É preciso sangue frio para escrever na contramão da História. Em 1936, o alemão Friedrich Reck (1884-1945) decide iniciar um diário, que tem o cuidado de enterrar depois de fazer suas anotações. Age assim até ser preso pela Gestapo, em 1944, e enviado ao campo de Dachau, onde morre de tifo. Crítico de primeira hora do regime de Hitler, Reck diz que o diário pretende ser uma “contribuição para a história cultural do período nazista”. Não alimenta ilusões de que será lido em seu país.

Reck não escreve para o agora, mas para a posteridade. Nas entradas do Diário de um desesperado praticamente não fala de si. Seu interesse está em retratar uma febre coletiva, o “irromper do abcesso de uma nação” – que ganha corpo na figura do “homem de massas”. “Por sua mente e suas necessidades físicas”, ele anota em 9 de setembro de 1937, o homem de massas “só pode existir no seu autocriado ventre de corrupção e trogloditismo.

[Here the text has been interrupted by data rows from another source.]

lemma pattern_A:
  "markov_eq (k + 3, B1 @ [-c, -b, -a] @ B2 @ [-c, -b, a] @ B3 @ [-c, b, a]) (k, B1 @ B2 @ B3)"
proof -
  note pattern_A_destab_top
  also note pattern_A_destab_second
  also have "markov_eq (k + 1, [c] @ B2 @ B3 @ [-c] @ B1 @ [-c]) (k + 1, B2 @ B3 @ [-c] @ B1)"
    by (rule markov_eq_conj_letter) simp_all
  also have "markov_eq \<dots> (k, B1 @ B2 @ B3)"
    by (rule markov_eq_destab[where x = "-c" and u = "B2 @ B3" and v = B1]) (use k_pos in simp_all)
  finally show ?thesis .
qed

lemma pattern_B_destab_top:
  "markov_eq (k + 3, B1 @ [-c, -b, -a] @ B2 @ [c, b, a] @ B3 @ [c, b, -a])
             (k + 2, [b, -c] @ B1 @ [-c, -b] @ B2 @ [c, b] @ B3 @ [c, -b])"
proof -
  have rel: "braid_eq (k + 3) [-a, b, a] [b, a, -b]" "braid_eq (k + 3) [a, b, -a] [-b, a, b]"
    "braid_eq (k + 3) [-b, c, b] [c, b, -c]"
    using braid_eq_braid_relations_mixed[of a b "k + 3"]
      braid_eq_braid_relations_mixed[of b c "k + 3"] k_pos by auto
  have comm: "braid_eq (k + 3) [a, c] [c, a]" "braid_eq (k + 3) [-c, -a] [-a, -c]"
    using braid_eq_commute_far[of "k + 3" a c] braid_eq_commute_far[of "k + 3" "-c" "-a"] by auto
  have "braid_eq (k + 3) (B1 @ [-c, -b, -a] @ B2 @ [c, b, a] @ B3 @ [c, b, -a])
                         (B1 @ [-c, -b] @ B2 @ [c] @ [-a, b, a] @ B3 @ [c, b, -a])"
    by (rule braid_eq_commute_past_in_context[where m = "k + 1" and y = "-a" and B = "B2 @ [c]"
          and u = "B1 @ [-c, -b]"]) simp_all
  also have "braid_eq (k + 3) \<dots> (B1 @ [-c, -b] @ B2 @ [c, b, a] @ [-b] @ B3 @ [c, b, -a])"
    by (rule braid_eq_in_context[OF rel(1), where u = "B1 @ [-c, -b] @ B2 @ [c]"]) simp_all
  also have "braid_eq (k + 3) \<dots> (B1 @ [-c, -b] @ B2 @ [c, b, a] @ B3 @ [-b, c, b, -a])"
    by (rule braid_eq_commute_past_in_context[where m = k and y = "-b" and B = B3
          and u = "B1 @ [-c, -b] @ B2 @ [c, b, a]"]) simp_all
  also have "braid_eq (k + 3) \<dots> (B1 @ [-c, -b] @ B2 @ [c, b] @ B3 @ [a] @ [-b, c, b] @ [-a])"
    by (rule braid_eq_commute_past_in_context[where m = k and y = a and B = B3
          and u = "B1 @ [-c, -b] @ B2 @ [c, b]"]) simp_all
  also have "braid_eq (k + 3) \<dots> (B1 @ [-c, -b] @ B2 @ [c, b] @ B3 @ [a, c] @ [b] @ [-c, -a])"
    by (rule braid_eq_in_context[OF rel(3), where u = "B1 @ [-c, -b] @ B2 @ [c, b] @ B3 @ [a]"])
      simp_all
  also have "braid_eq (k + 3) \<dots> (B1 @ [-c, -b] @ B2 @ [c, b] @ B3 @ [a, c] @ [b] @ [-a, -c])"
    by (rule braid_eq_in_context[OF comm(2),
          where u = "B1 @ [-c, -b] @ B2 @ [c, b] @ B3 @ [a, c, b]"]) simp_all
  also have "braid_eq (k + 3) \<dots> (B1 @ [-c, -b] @ B2 @ [c, b] @ B3 @ [c] @ [a, b, -a] @ [-c])"
    by (rule braid_eq_in_context[OF comm(1), where u = "B1 @ [-c, -b] @ B2 @ [c, b] @ B3"]) simp_all
  also have "braid_eq (k + 3) \<dots> (B1 @ [-c, -b] @ B2 @ [c, b] @ B3 @ [c, -b, a, b, -c])"
    by (rule braid_eq_in_context[OF rel(2), where u = "B1 @ [-c, -b] @ B2 @ [c, b] @ B3 @ [c]"])
      simp_all
  finally have "markov_eq (k + 3, B1 @ [-c, -b, -a] @ B2 @ [c, b, a] @ B3 @ [c, b, -a])
                  (k + 3, B1 @ [-c, -b] @ B2 @ [c, b] @ B3 @ [c, -b, a, b, -c])"
    by (rule markov_eq_of_braid_eq) simp_all
  also have "markov_eq \<dots> (k + 2, [b, -c] @ B1 @ [-c, -b] @ B2 @ [c, b] @ B3 @ [c, -b])"
    by (rule markov_eq_destab[where x = a and u = "B1 @ [-c, -b] @ B2 @ [c, b] @ B3 @ [c, -b]"
          and v = "[b, -c]"]) simp_all
  finally show ?thesis .
qed
definition inv_sq_sum_kernel :: "real \<Rightarrow> real \<Rightarrow> real \<Rightarrow> real" where
  "inv_sq_sum_kernel u h x = h * x * exp (-(u * x)) / (1 - exp (-(h * x)))"

lemma inv_sq_sum_kernel_eq:
  assumes "0 < h" "0 < x"
  shows "inv_sq_sum_kernel u h x = exp (-(u * x)) / ((exp (-(h * x)) - 1) / (-(h * x)))"
  using assms by (simp add: inv_sq_sum_kernel_def field_simps)

lemma inv_sq_sum_kernel_shift_eq:
  assumes "0 < h" "0 < x"
  shows "inv_sq_sum_kernel (u + h) h x = exp (-(u * x)) / ((exp (h * x) - 1) / (h * x))"
proof -
  have "exp (-((u + h) * x)) = exp (-(u * x)) * exp (-(h * x))"
    by (simp add: exp_add[symmetric] algebra_simps)
  moreover have "exp (-(h * x)) * exp (h * x) = 1"
    by (simp add: exp_add[symmetric])
  ultimately show ?thesis
    using assms by (simp add: inv_sq_sum_kernel_def field_simps)
qed

lemma inv_sq_sum_kernel_mono:
  assumes "0 < h'" "h' \<le> h" "0 \<le> x"
  shows "inv_sq_sum_kernel u h' x \<le> inv_sq_sum_kernel u h x"
proof (cases "x = 0")
  case False
  with assms have "0 < x" by simp
  define s where "s g = (exp (-(g * x)) - 1) / (-(g * x))" for g
  have "s h \<le> s h'"
    unfolding s_def using assms \<open>0 < x\<close> by (intro exp_slope_mono) (auto intro: mult_right_mono)
  moreover have "0 < s g" if "0 < g" for g
    unfolding s_def using that \<open>0 < x\<close> by (intro exp_slope_pos) simp
  ultimately have "exp (-(u * x)) / s h' \<le> exp (-(u * x)) / s h"
    using assms by (intro divide_left_mono) auto
  then show ?thesis
    using assms \<open>0 < x\<close> by (simp only: s_def inv_sq_sum_kernel_eq)
qed (simp add: inv_sq_sum_kernel_def)
lemma weight_sum_close_head:
  assumes m: "length us = m"
  shows "sum (weight \<phi> \<Lambda> us (u # w)) (NC_open m (Suc k)) =
    sum (weight \<phi> \<Lambda> (us @ [u]) w) {(P, Bs) \<in> NC_open (Suc m) k. block_of m P \<notin> set Bs \<and> block_of m P \<noteq> {m}}"
    (is "_ = sum _ ?T")
proof -
  define close where "close = (\<lambda>(P, Bs). (extend_block m P (hd Bs), tl Bs))"
  define reopen where "reopen = (\<lambda>(P, Bs). (remove_point m P, (block_of m P - {m}) # Bs))"
  show ?thesis
  proof (rule sum.reindex_bij_witness[of _ reopen close])
    fix a assume "a \<in> NC_open m (Suc k)"
    then obtain P C Bs where a: "a = (P, C # Bs)" and PC: "(P, C # Bs) \<in> NC_open m (Suc k)"
      by (cases a) (auto simp: NC_open_iff length_Suc_conv)
    then have P: "partition_on {0..<m} P" and C: "C \<in> P" and "set Bs \<subseteq> P"
      unfolding NC_open_iff by auto
    then have "insert m C \<notin> set Bs" "insert m C \<noteq> {m}"
      using partition_on_bound_notin[OF P] partition_on_block_nonempty[OF P C] by auto
    show "reopen (close a) = a"
      using remove_point_extend_block[OF P C] block_of_extend_block[OF P C] partition_on_bound_notin[OF P C]
      by (simp add: a close_def reopen_def)
    show "close a \<in> ?T"
      using NC_open_close_head[OF PC] block_of_extend_block[OF P C] \<open>insert m C \<notin> set Bs\<close> \<open>insert m C \<noteq> {m}\<close>
      by (simp add: a close_def)
    show "weight \<phi> \<Lambda> (us @ [u]) w (close a) = weight \<phi> \<Lambda> us (u # w) a"
      using weight_close_head[OF PC m] by (simp add: a close_def)
  next
    fix b assume "b \<in> ?T"
    then obtain P Bs where b: "b = (P, Bs)" and PBs: "(P, Bs) \<in> NC_open (Suc m) k"
      and last: "block_of m P \<notin> set Bs" "block_of m P \<noteq> {m}"
      by blast
    have P: "partition_on {0..<Suc m} P" using PBs unfolding NC_open_iff by simp
    show "close (reopen b) = b"
      using extend_block_remove_point[OF P block_of_in[OF P] last(2)] by (simp add: b close_def reopen_def)
    show "reopen b \<in> NC_open m (Suc k)"
      using NC_open_reopen_last_block[OF PBs last] by (simp add: b reopen_def)
  qed
qed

Isso é tão necessário para ele quanto a lama para o porco”.

Em situações com as de Hélène Berr, do dr. Hachiya e de Friedrich Reck, em que a realidade se mostra desfigurada, irreconhecível, a própria noção de vida interior se encontra sob a ameaça de aniquilamento. Nessas ocasiões, quando a História arma suas emboscadas e o diarista se vê acuado, nas cordas – seja por alheamento, ingenuidade, ou pelo costume de ter os olhos sempre voltados para dentro de si –, a escrita íntima se transforma em instrumento de autopreservação. Não tanto do indivíduo em carne e osso, mas do seu modo de existir, cultivado ao longo de uma vida – uma imagem do eu e do mundo, do eu no mundo, que procura se fixar antes de desaparecer por completo.

 

DIÁRIOS CITADOS
Ernst Jünger. Diario de guerra (1914-1918). Trad. Helmuth Hiesel. Tusquets, 2013.
Friedrich Reck-Malleczewen. Diário de um desesperado. Trad. André Caramuru Aubert. Sesi-SP, 2017.
Hélène Berr. Diario. Trad. Jaime Zulaika. Anagrama, 2009.
Michihiko Hachiya. Hiroshima Diary. Trad. Walter Wells. The University of Carolina Press, 1995.